Paradoxalement, alors que l’une des priorités des gouvernements américains, républicains comme démocrates, a toujours été de diminuer l’influence de l’Iran dans la région, l’invasion par les États-Unis de l’Irak en 2003 sous George W. Bush l’accélère.

Depuis la chute de Saddam Hussein, Sepah-e Qods, la branche d’opération extérieure des Pasdarans, a pu augmenter son influence politique, militaire, économique et culturelle sous le commandement du général Soleimani qui possédait une parfaite connaissance des acteurs irakiens et de la langue arabe. L’avènement de l’État islamique a été l’occasion parfaite pour la montée en puissance des milices chiites en Irak. Aujourd’hui, après cette victoire militaire, elles possèdent une légitimité auprès d’une partie de la population.

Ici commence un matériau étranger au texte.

lemma deriv_sup_nonneg: "smooth_on UNIV \<psi> \<Longrightarrow> 0 \<le> deriv_sup k m \<psi>"
  using abs_funpow_deriv_le_deriv_sup[of \<psi> 0 m k] by auto

lemma smooth_seminorm_nonneg: "smooth_on UNIV \<psi> \<Longrightarrow> 0 \<le> smooth_seminorm m \<psi>"
  unfolding smooth_seminorm_def by (intro sum_nonneg deriv_sup_nonneg)

lemma abs_funpow_deriv_le_smooth_seminorm:
  assumes "smooth_on UNIV \<psi>" "k \<le> m" "\<bar>y\<bar> \<le> real m"
  shows "\<bar>(deriv ^^ k) \<psi> y\<bar> \<le> smooth_seminorm m \<psi>"
proof -
  have "\<bar>(deriv ^^ k) \<psi> y\<bar> \<le> deriv_sup k m \<psi>"
    by (rule abs_funpow_deriv_le_deriv_sup[OF assms(1,3)])
  also have "\<dots> \<le> smooth_seminorm m \<psi>"
    unfolding smooth_seminorm_def by (rule member_le_sum) (use assms deriv_sup_nonneg in auto)
  finally show ?thesis .
qed

lemma smooth_seminorm_le:
  assumes "\<And>k y. k \<le> m \<Longrightarrow> \<bar>y\<bar> \<le> real m \<Longrightarrow> \<bar>(deriv ^^ k) \<psi> y\<bar> \<le> B"
  shows "smooth_seminorm m \<psi> \<le> (real m + 1) * B"
proof -
  have "smooth_seminorm m \<psi> \<le> (\<Sum>k\<le>m. B)"
    unfolding smooth_seminorm_def by (intro sum_mono deriv_sup_le assms) auto
  then show ?thesis by (simp add: add.commute)
qed

lemma smooth_seminorm_mono:
  assumes "smooth_on UNIV \<psi>" "m \<le> m'"
  shows "smooth_seminorm m \<psi> \<le> smooth_seminorm m' \<psi>"
proof -
  have "smooth_seminorm m \<psi> \<le> (\<Sum>k\<le>m. deriv_sup k m' \<psi>)"
    unfolding smooth_seminorm_def
    by (intro sum_mono deriv_sup_le abs_funpow_deriv_le_deriv_sup[OF assms(1)]) (use assms(2) in auto)
  also have "\<dots> \<le> smooth_seminorm m' \<psi>"
    unfolding smooth_seminorm_def by (intro sum_mono2) (use assms deriv_sup_nonneg in auto)
  finally show ?thesis .
qed

lemma smooth_seminorm_lincomb:
  assumes "smooth_on UNIV \<psi>" "smooth_on UNIV \<phi>"
  shows "smooth_seminorm m (\<lambda>x. a * \<psi> x + b * \<phi> x)
    \<le> \<bar>a\<bar> * smooth_seminorm m \<psi> + \<bar>b\<bar> * smooth_seminorm m \<phi>"
proof -
  have "deriv_sup k m (\<lambda>x. a * \<psi> x + b * \<phi> x) \<le> \<bar>a\<bar> * deriv_sup k m \<psi> + \<bar>b\<bar> * deriv_sup k m \<phi>"
    for k
  proof (rule deriv_sup_le)
    fix y assume y: "\<bar>y\<bar> \<le> real m"
    have "\<bar>(deriv ^^ k) (\<lambda>x. a * \<psi> x + b * \<phi> x) y\<bar> \<le>
        \<bar>a\<bar> * \<bar>(deriv ^^ k) \<psi> y\<bar> + \<bar>b\<bar> * \<bar>(deriv ^^ k) \<phi> y\<bar>"
      unfolding funpow_deriv_lincomb[OF assms] by (metis abs_mult abs_triangle_ineq)
    also have "\<dots> \<le> \<bar>a\<bar> * deriv_sup k m \<psi> + \<bar>b\<bar> * deriv_sup k m \<phi>"
      by (intro add_mono mult_left_mono abs_funpow_deriv_le_deriv_sup assms y) auto
    finally show "\<bar>(deriv ^^ k) (\<lambda>x. a * \<psi> x + b * \<phi> x) y\<bar> \<le> \<dots>" .
  qed
  then have "smooth_seminorm m (\<lambda>x. a * \<psi> x + b * \<phi> x) \<le>
      (\<Sum>k\<le>m. \<bar>a\<bar> * deriv_sup k m \<psi> + \<bar>b\<bar> * deriv_sup k m \<phi>)"
    unfolding smooth_seminorm_def by (rule sum_mono)
  then show ?thesis
    by (simp add: smooth_seminorm_def sum.distrib sum_distrib_left)
qed
(* In the setting described in the context, assume that $D^pf$ is Lipschitz continuous (with respect to $\|\cdot\|_2$ on tensors), that $x_k\to x_*\in\mathbb{R}^n$ and $W_k\to W_*$ for some nonsingular $W_*\in\mathbb{R}^{n\times n}$, with $\sum_{k\ge0}\|x_k-x_*\|_2<\infty$ and $\sum_{k\ge0}\|W_k-W_*\|_2<\infty$. Then $\lim_{k\to\infty}\frac{\|(\mathcal{C}_k-D^pf(x_* ))[s_k]\|_F}{\|s_k\|_2}=0$.
   Context: Setting (higher-order secant update): $p\ge 2$; $f:\mathbb{R}^n\to\mathbb{R}$ is $p$ times continuously differentiable, $D^pf(x)$ denoting its $p$th derivative viewed as a symmetric multilinear map; $(x_k)_{k\ge0}$ is a sequence in $\mathbb{R}^n$ with steps $s_k = x_{k+1}-x_k \ne 0$; $(W_k)_{k\ge0}$ are nonsingular $n\times n$ matrices; $\widetilde{\mathcal{C}}_k = \int_0^1 D^pf(x_k+ts_k)\,dt$; $\mathcal{C}_0\in\mathbb{R}^{\otimes^p n}_{\mathrm{sym}}$ is arbitrary and $\mathcal{C}_{k+1}$ is the unique minimizer of $\|(\mathcal{C}-\mathcal{C}_k)[W_k]^p\|_F$ over $\mathcal{C}\in\mathbb{R}^{\otimes^p n}_{\mathrm{sym}}$ subject to $\mathcal{C}[s_k]=\widetilde{\mathcal{C}}_k[s_k]$. Notation: a $p$-tensor is a multilinear map $(\mathbb{R}^n)^p\to\mathbb{R}$; $\mathcal{T}[s]$ fixes the first argument to $s$ (a $(p-1)$-tensor); $(\mathcal{T}[M]^p)[s_1,\dots,s_p]=\mathcal{T}[Ms_1,\dots,Ms_p]$; symmetric means invariant under permutation of arguments; $\|\cdot\|_F$ is the Frobenius norm of the array of entries; $\|\mathcal{T}\|_2=\max_{\|u_i\|_2=1}|\mathcal{T}[u_1,\dots,u_p]|$; on matrices $\|\cdot\|_2$ is the spectral norm. *)

theory Defs
  imports "HOL-Analysis.Analysis"
begin

text \<open>Tensors over R^n (n = CARD('n)) are represented as functions from index lists to reals;
  a p-tensor is one whose entries vanish off lists of length p. Entry at [i1,...,ip] is
  T[e_i1,...,e_ip].\<close>

type_synonym 'n tensor = "'n list \<Rightarrow> real"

Le départ des troupes américaines d’Irak est une promesse de campagne de Donald Trump. Néanmoins, Washington n’est pas prêt à donner toute la place à l’Iran, d’où l’assassinat de Soleimani, trait d’union entre les milices chiites et les Iraniens. Selon un article du New York Times, publié le 27 mars dernier, Mike Pompeo – secrétaire d’État des États-Unis – et Robert C. O’Brien – conseiller à la sécurité nationale de Donald Trump – auraient proposé une attaque de grosse ampleur contre Kataeb Hezbollah, principale milice chiite irakienne soutenue par le régime iranien. De fait, cette milice, dont le commandant a été tué en même temps que Soleimani et comprenant des milliers de membres, est investie dans la politique et l’économie, et possède des institutions caritatives et culturelles, sur le modèle des Gardiens de la révolution iraniens. Elle incarne donc d’une certaine manière le modèle d’exportation de la révolution iranienne. Le commandant des forces américaines en Irak s’est opposé à une telle attaque ; les troupes ne sont pas en nombre suffisant et pas prêtes. Il existe ainsi deux courants à Washington représentés par Mike Pompeo d’une part et les militaires d’une autre, plus pragmatiques et conscients de la dangerosité d’une telle action.

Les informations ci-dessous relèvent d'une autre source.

lemma sref_1_3_5_6:
  "sref 1 v = v(1 := v 3 - v 1)" "sref 3 v = v(3 := v 1 + v 4 - v 3)"
  "sref 5 v = v(5 := v 4 + v 6 - v 5)" "sref 6 v = v(6 := v 5 - v 6)"
  unfolding sref_eq_fun_upd sum_1_6 by (simp_all add: cartanE6_def doubleton_eq_iff)

lemma wE6_apply:
  "wE6 v = (\<lambda>k. if k = 1 then v 4 - v 3 else if k = 3 then v 1 - v 3 + v 4
     else if k = 5 then v 4 - v 6 else if k = 6 then v 5 - v 6 else v k)"
  unfolding wE6_def comp_def sref_1_3_5_6 by auto

lemma mem_TsubI:
  fixes q :: nat and x :: "nat \<Rightarrow> int"
  defines "Q \<equiv> int q"
  assumes "x \<in> Z6" and l: "x 2 = (Q - 1) * l"
    and m: "Q * x 5 + x 6 - (Q + 1) * (Q * x 1 + x 3) = (Q^2 + Q + 1) * m"
    and n: "x 4 + (Q - 1) * (Q * x 1 + x 3) = (Q^3 - 1) * n"
  shows "x \<in> Tsub q"
proof -
  \<comment> \<open>Solving \<open>(q w - id) u = x\<close>: the relations \<open>m\<close>, \<open>n\<close> force \<open>u 4\<close>, \<open>u 3\<close>, \<open>u 6\<close>,
    and \<open>u 1\<close>, \<open>u 5\<close> are then read off from \<open>x 1\<close>, \<open>x 5\<close>.\<close>
  define a where "a = Q * x 1 + x 3"
  define u4 where "u4 = (Q^2 + Q + 1) * n - a"
  define u3 where "u3 = (Q^2 + Q) * n - a"
  define u6 where "u6 = Q^2 * n - a - m"
  define u where "u = (\<lambda>k::nat. if k = 1 then Q * (u4 - u3) - x 1 else if k = 2 then l
     else if k = 3 then u3 else if k = 4 then u4 else if k = 5 then Q * (u4 - u6) - x 5
     else if k = 6 then u6 else 0)"
  have "u \<in> Z6" by (auto simp: u_def Z6_def)
  have "x k = Q * wE6 u k - u k" for k
  proof -
    consider "k = 1" | "k = 2" | "k = 3" | "k = 4" | "k = 5" | "k = 6" | "k \<notin> {1..6}" by force
    then show ?thesis
    proof cases
      case 3
      have "x 3 = a - Q * x 1" by (simp add: a_def)
      then show ?thesis
        using 3 by (simp add: wE6_apply u_def u3_def u4_def algebra_simps power2_eq_square)
    next
      case 4
      have "x 4 = (Q^3 - 1) * n - (Q - 1) * a" using n by (simp add: a_def)
      then show ?thesis
        using 4 by (simp add: wE6_apply u_def u4_def algebra_simps power2_eq_square power3_eq_cube)
    next
      case 6
      have "x 6 = (Q^2 + Q + 1) * m + (Q + 1) * a - Q * x 5" using m by (simp add: a_def)
      then show ?thesis
        using 6 by (simp add: wE6_apply u_def u4_def u6_def algebra_simps power2_eq_square)
    next
      case 7
      then show ?thesis using \<open>x \<in> Z6\<close> \<open>u \<in> Z6\<close> by (auto simp: Z6_def wE6_apply)
    qed (simp_all add: wE6_apply u_def l algebra_simps)
  qed
  then show "x \<in> Tsub q" using \<open>u \<in> Z6\<close> by (auto simp: Tsub_def Q_def)
qed

lemma mem_Tsub_iff:
  fixes q :: nat and x :: "nat \<Rightarrow> int"
  defines "Q \<equiv> int q"
  shows "x \<in> Tsub q \<longleftrightarrow> x \<in> Z6 \<and> (Q - 1) dvd x 2
    \<and> (Q^2 + Q + 1) dvd (Q * x 5 + x 6 - (Q + 1) * (Q * x 1 + x 3))
    \<and> (Q^3 - 1) dvd (x 4 + (Q - 1) * (Q * x 1 + x 3))"
proof
  assume "x \<in> Tsub q"
  then obtain u where u: "u \<in> Z6" and x: "x = (\<lambda>k. Q * wE6 u k - u k)"
    by (auto simp: Tsub_def Q_def)
  have "x \<in> Z6" using u by (auto simp: Z6_def x wE6_apply)
  moreover have "x 2 = (Q - 1) * u 2"
    by (simp add: x wE6_apply algebra_simps)
  moreover have "Q * x 5 + x 6 - (Q + 1) * (Q * x 1 + x 3)
      = (Q^2 + Q + 1) * ((Q + 1) * u 3 - Q * u 4 - u 6)"
    by (simp add: x wE6_apply algebra_simps power2_eq_square)
  moreover have "x 4 + (Q - 1) * (Q * x 1 + x 3) = (Q^3 - 1) * (u 4 - u 3)"
    by (simp add: x wE6_apply algebra_simps power3_eq_cube)
  ultimately show "x \<in> Z6 \<and> (Q - 1) dvd x 2
    \<and> (Q^2 + Q + 1) dvd (Q * x 5 + x 6 - (Q + 1) * (Q * x 1 + x 3))
    \<and> (Q^3 - 1) dvd (x 4 + (Q - 1) * (Q * x 1 + x 3))" by simp
qed (auto elim!: dvdE intro: mem_TsubI simp: Q_def)

lemma group_Z6: "group Z6_group"
proof (rule groupI)
  fix x assume "x \<in> carrier Z6_group"
  then show "\<exists>y\<in>carrier Z6_group. y \<otimes>\<^bsub>Z6_group\<^esub> x = \<one>\<^bsub>Z6_group\<^esub>"
    by (intro bexI[of _ "\<lambda>k. - x k"]) (auto simp: Z6_group_def Z6_def)
qed (auto simp: Z6_group_def Z6_def)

Mais les récents mouvements militaires des Américains en Irak sont des signaux inquiétants. Les plus petites bases américaines, victimes régulières d’attaques de roquettes et de manifestants, ont été évacuées et leurs troupes se sont regroupées à la base militaire Al Assad, difficile d’accès. Selon eux, le personnel a été regroupé pour mieux lutter contre la crise du Covid-19. Plus récemment, des Patriots, système de missiles d’interception anti-aérienne, ont été installés et certaines sources évoquent la volonté d’y installer l’ambassade américaine. Ce sont là les signes de préparation d’une éventuelle attaque. Les États-Unis auraient souhaité profiter de la crise du Covid-19 en Iran et de la vulnérabilité de Téhéran, mais en raison de l’ampleur de la crise sanitaire qui les touche actuellement, une opération extérieure militaire semble pour le moment peu probable.

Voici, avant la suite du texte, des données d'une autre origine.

lemma obtain_least_positive_and_least_non_multiple:
  fixes S :: "nat set"
  assumes cofinite: "\<And>s. N \<le> s \<Longrightarrow> s \<in> S" and "1 \<notin> S"
  obtains w\<^sub>1 w\<^sub>2 where "w\<^sub>1 \<in> S" "0 < w\<^sub>1" "\<And>s. s \<in> S \<Longrightarrow> 0 < s \<Longrightarrow> w\<^sub>1 \<le> s"
    "w\<^sub>2 \<in> S" "\<not> w\<^sub>1 dvd w\<^sub>2" "\<And>s. s \<in> S \<Longrightarrow> s < w\<^sub>2 \<Longrightarrow> w\<^sub>1 dvd s"
proof -
  define w\<^sub>1 where "w\<^sub>1 = (LEAST s. s \<in> S \<and> 0 < s)"
  have "N + 1 \<in> S \<and> 0 < N + 1"
    using cofinite by simp
  then have w\<^sub>1: "w\<^sub>1 \<in> S \<and> 0 < w\<^sub>1"
    unfolding w\<^sub>1_def by (rule LeastI)
  have least: "w\<^sub>1 \<le> s" if "s \<in> S" "0 < s" for s
    unfolding w\<^sub>1_def using that by (simp add: Least_le)
  define w\<^sub>2 where "w\<^sub>2 = (LEAST s. s \<in> S \<and> \<not> w\<^sub>1 dvd s)"
  have "w\<^sub>1 \<noteq> 1"
    using w\<^sub>1 \<open>1 \<notin> S\<close> by auto
  then have "\<not> w\<^sub>1 dvd N * w\<^sub>1 + 1"
    by (metis dvd_add_right_iff dvd_triv_right nat_dvd_1_iff_1)
  moreover have "N * w\<^sub>1 + 1 \<in> S"
    using w\<^sub>1 by (intro cofinite) (simp add: le_SucI)
  ultimately have w\<^sub>2: "w\<^sub>2 \<in> S \<and> \<not> w\<^sub>1 dvd w\<^sub>2"
    unfolding w\<^sub>2_def by (intro LeastI) simp
  have "w\<^sub>1 dvd s" if "s \<in> S" "s < w\<^sub>2" for s
    using not_less_Least[of s "\<lambda>s. s \<in> S \<and> \<not> w\<^sub>1 dvd s"] that unfolding w\<^sub>2_def by blast
  then show thesis
    using that w\<^sub>1 least w\<^sub>2 by blast
qed

lemma min_gens_ge_least_non_multiple:
  fixes S :: "nat set"
  assumes add_closed: "\<And>s t. s \<in> S \<Longrightarrow> t \<in> S \<Longrightarrow> s + t \<in> S"
    and w\<^sub>1: "w\<^sub>1 \<in> S" "0 < w\<^sub>1" "\<And>s. s \<in> S \<Longrightarrow> 0 < s \<Longrightarrow> w\<^sub>1 \<le> s"
    and below: "\<And>s. s \<in> S \<Longrightarrow> s < w\<^sub>2 \<Longrightarrow> w\<^sub>1 dvd s"
    and g: "g \<in> min_gens S" "g \<noteq> w\<^sub>1"
  shows "w\<^sub>2 \<le> g"
proof (rule ccontr)
  assume "\<not> w\<^sub>2 \<le> g"
  moreover have "g \<in> S" "0 < g"
    using g(1) unfolding min_gens_def by simp_all
  ultimately have "w\<^sub>1 dvd g" "w\<^sub>1 \<le> g"
    using below w\<^sub>1(3) by simp_all
  then obtain k where k: "g = k * w\<^sub>1"
    by (metis dvdE mult.commute)
  then have "2 \<le> k"
    using g(2) \<open>w\<^sub>1 \<le> g\<close> w\<^sub>1(2) by (cases k) (auto simp: Suc_le_eq)
  then have "(k - 1) * w\<^sub>1 \<in> S" "0 < (k - 1) * w\<^sub>1" "g = w\<^sub>1 + (k - 1) * w\<^sub>1"
    using mult_mem_if_add_closed[OF add_closed w\<^sub>1(1), of "k - 1"] w\<^sub>1(2) k
    by (simp_all add: algebra_simps)
  then show False
    using min_gens_not_add[OF g(1) w\<^sub>1(1)] w\<^sub>1(2) by simp
qed

lemma sorted_list_of_set_two_least:
  fixes A :: "'a::linorder set"
  assumes "finite A" "p \<in> A" "q \<in> A" "p < q" and above: "\<And>a. a \<in> A \<Longrightarrow> a \<noteq> p \<Longrightarrow> q \<le> a"
  shows "sorted_list_of_set A = p # q # sorted_list_of_set (A - {p, q})"
proof -
  have "Min A = p"
  proof (rule Min_eqI)
    fix a
    assume "a \<in> A"
    then show "p \<le> a"
      using above[of a] \<open>p < q\<close> by (cases "a = p") simp_all
  qed (use assms in simp_all)
  moreover have "Min (A - {p}) = q"
    using assms by (intro Min_eqI) simp_all
  moreover have "A \<noteq> {}" "A - {p} \<noteq> {}"
    using assms by auto
  ultimately show ?thesis
    using assms(1) sorted_list_of_set_nonempty[of A] sorted_list_of_set_nonempty[of "A - {p}"]
    by (simp add: Diff_insert2[symmetric])
qed

lemma k_subalgebra_const: "k_subalgebra R \<Longrightarrow> fps_const c \<in> R"
  by (simp add: k_subalgebra_def)

lemma k_subalgebra_zero: "k_subalgebra R \<Longrightarrow> 0 \<in> R"
  using k_subalgebra_const[of R 0] by simp

lemma k_subalgebra_one: "k_subalgebra R \<Longrightarrow> 1 \<in> R"
  using k_subalgebra_const[of R 1] by simp

lemma k_subalgebra_add: "k_subalgebra R \<Longrightarrow> f \<in> R \<Longrightarrow> g \<in> R \<Longrightarrow> f + g \<in> R"
  by (simp add: k_subalgebra_def)

lemma k_subalgebra_mult: "k_subalgebra R \<Longrightarrow> f \<in> R \<Longrightarrow> g \<in> R \<Longrightarrow> f * g \<in> R"
  by (simp add: k_subalgebra_def)

lemma k_subalgebra_diff: "k_subalgebra R \<Longrightarrow> f \<in> R \<Longrightarrow> g \<in> R \<Longrightarrow> f - g \<in> R"
  using k_subalgebra_add[of R f "- g"] by (simp add: k_subalgebra_def)

lemma k_subalgebra_power: "k_subalgebra R \<Longrightarrow> f \<in> R \<Longrightarrow> f ^ q \<in> R"
  by (induction q) (auto intro: k_subalgebra_one k_subalgebra_mult)

lemma k_subalgebra_sum: "k_subalgebra R \<Longrightarrow> (\<And>i. i \<in> A \<Longrightarrow> F i \<in> R) \<Longrightarrow> sum F A \<in> R"
  by (induction A rule: infinite_finite_induct) (auto intro: k_subalgebra_zero k_subalgebra_add)

lemma k_subalgebra_prod: "k_subalgebra R \<Longrightarrow> (\<And>i. i \<in> A \<Longrightarrow> F i \<in> R) \<Longrightarrow> prod F A \<in> R"
  by (induction A rule: infinite_finite_induct) (auto intro: k_subalgebra_one k_subalgebra_mult)

lemmas k_subalgebra_closed =
  k_subalgebra_const k_subalgebra_zero k_subalgebra_one k_subalgebra_add k_subalgebra_mult
  k_subalgebra_diff k_subalgebra_power k_subalgebra_sum k_subalgebra_prod

lemma vals_iff: "s \<in> vals A \<longleftrightarrow> (\<exists>f\<in>A. f \<noteq> 0 \<and> subdegree f = s)"
  unfolding vals_def by auto

lemma vals_add:
  assumes "k_subalgebra R" "s \<in> vals R" "t \<in> vals R"
  shows "s + t \<in> vals R"
proof -
  obtain f g where "f \<in> R" "f \<noteq> 0" "s = subdegree f" "g \<in> R" "g \<noteq> 0" "t = subdegree g"
    using assms(2,3) unfolding vals_def by blast
  then have "f * g \<in> R - {0}" "s + t = subdegree (f * g)"
    using k_subalgebra_mult[OF assms(1)] by auto
  then show ?thesis
    unfolding vals_def by blast
qed

text \<open>Clearing the denominators of finitely many module generators of k[[t]] gives a single
  nonzero \<open>\<beta>\<close> with \<open>\<beta> k[[t]] \<subseteq> R\<close>, and \<open>\<beta> k[[t]]\<close> is the ideal generated by a power of t.\<close>
lemma conductor_exists:
  fixes R :: "'a::field fps set"
  assumes sa: "k_subalgebra R" and "normalization_finite R" and "birational R"
  obtains N where "\<And>f. fps_X ^ N dvd f \<Longrightarrow> f \<in> R"
proof -
  obtain gs :: "'a fps list" where gs: "\<And>f. \<exists>rs. length rs = length gs \<and> set rs \<subseteq> R \<and>
      f = (\<Sum>i<length gs. rs ! i * gs ! i)"
    using assms(2) unfolding normalization_finite_def by blast
  have "\<forall>i. \<exists>a b. i < length gs \<longrightarrow> a \<in> R \<and> b \<in> R \<and> b \<noteq> 0 \<and> gs ! i * b = a"
    using assms(3) unfolding birational_def by blast
  then obtain A B where AB: "\<And>i. i < length gs \<Longrightarrow> A i \<in> R \<and> B i \<in> R \<and> B i \<noteq> 0 \<and> gs ! i * B i = A i"
    by metis
  define \<beta> where "\<beta> = (\<Prod>i<length gs. B i)"
  have "\<beta> \<noteq> 0"
    unfolding \<beta>_def using AB by simp
  have \<beta>_gen: "\<beta> * gs ! i \<in> R" if i: "i < length gs" for i
  proof -
    have "\<beta> * gs ! i = A i * (\<Prod>j\<in>{..<length gs} - {i}. B j)"
      using AB[OF i] i unfolding \<beta>_def by (simp add: prod.remove algebra_simps)
    then show ?thesis
      using AB i by (auto intro!: k_subalgebra_closed[OF sa])
  qed
  have \<beta>_mult: "\<beta> * f \<in> R" for f
  proof -
    obtain rs where rs: "length rs = length gs" "set rs \<subseteq> R" "f = (\<Sum>i<length gs. rs ! i * gs ! i)"
      using gs by blast
    then have "\<beta> * f = (\<Sum>i<length gs. rs ! i * (\<beta> * gs ! i))"
      by (simp add: sum_distrib_left algebra_simps)
    also have "\<dots> \<in> R"
    proof (intro k_subalgebra_sum[OF sa] k_subalgebra_mult[OF sa, of "rs ! _"])
      fix i assume "i \<in> {..<length gs}"
      then show "rs ! i \<in> R" "\<beta> * gs ! i \<in> R"
        using rs \<beta>_gen by (auto simp: subset_iff)
    qed
    finally show ?thesis .
  qed
  show thesis
  proof
    fix f :: "'a fps"
    assume "fps_X ^ subdegree \<beta> dvd f"
    then have "\<beta> dvd f"
      using \<open>\<beta> \<noteq> 0\<close> by (cases "f = 0") (simp_all add: fps_dvd_iff fps_X_power_dvd_iff_subdegree)
    then show "f \<in> R"
      using \<beta>_mult by (auto elim: dvdE)
  qed
qed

La principale victime de cette situation est bien entendu l’Irak, sa jeunesse, sa démocratie et sa souveraineté. Il est le terrain de confrontation entre deux puissances qui se servent de ses divisions ethniques et religieuses pour asseoir leur influence. Or c’est un pays qui possède des ressources énergétiques importantes et qui bénéficie d’une position stratégique au Moyen-Orient. Bagdad doit dépasser ses problèmes de corruption pour ne pas devenir un vassal de l’Iran ou un pays satellite des intérêts américains. L’Union européenne aurait un rôle stabilisateur à jouer comme elle aurait pu avoir un rôle en Syrie ou au Yémen. Malheureusement, son manque d’unité en matière de politique étrangère ne le lui permet pas et c’est bien regrettable.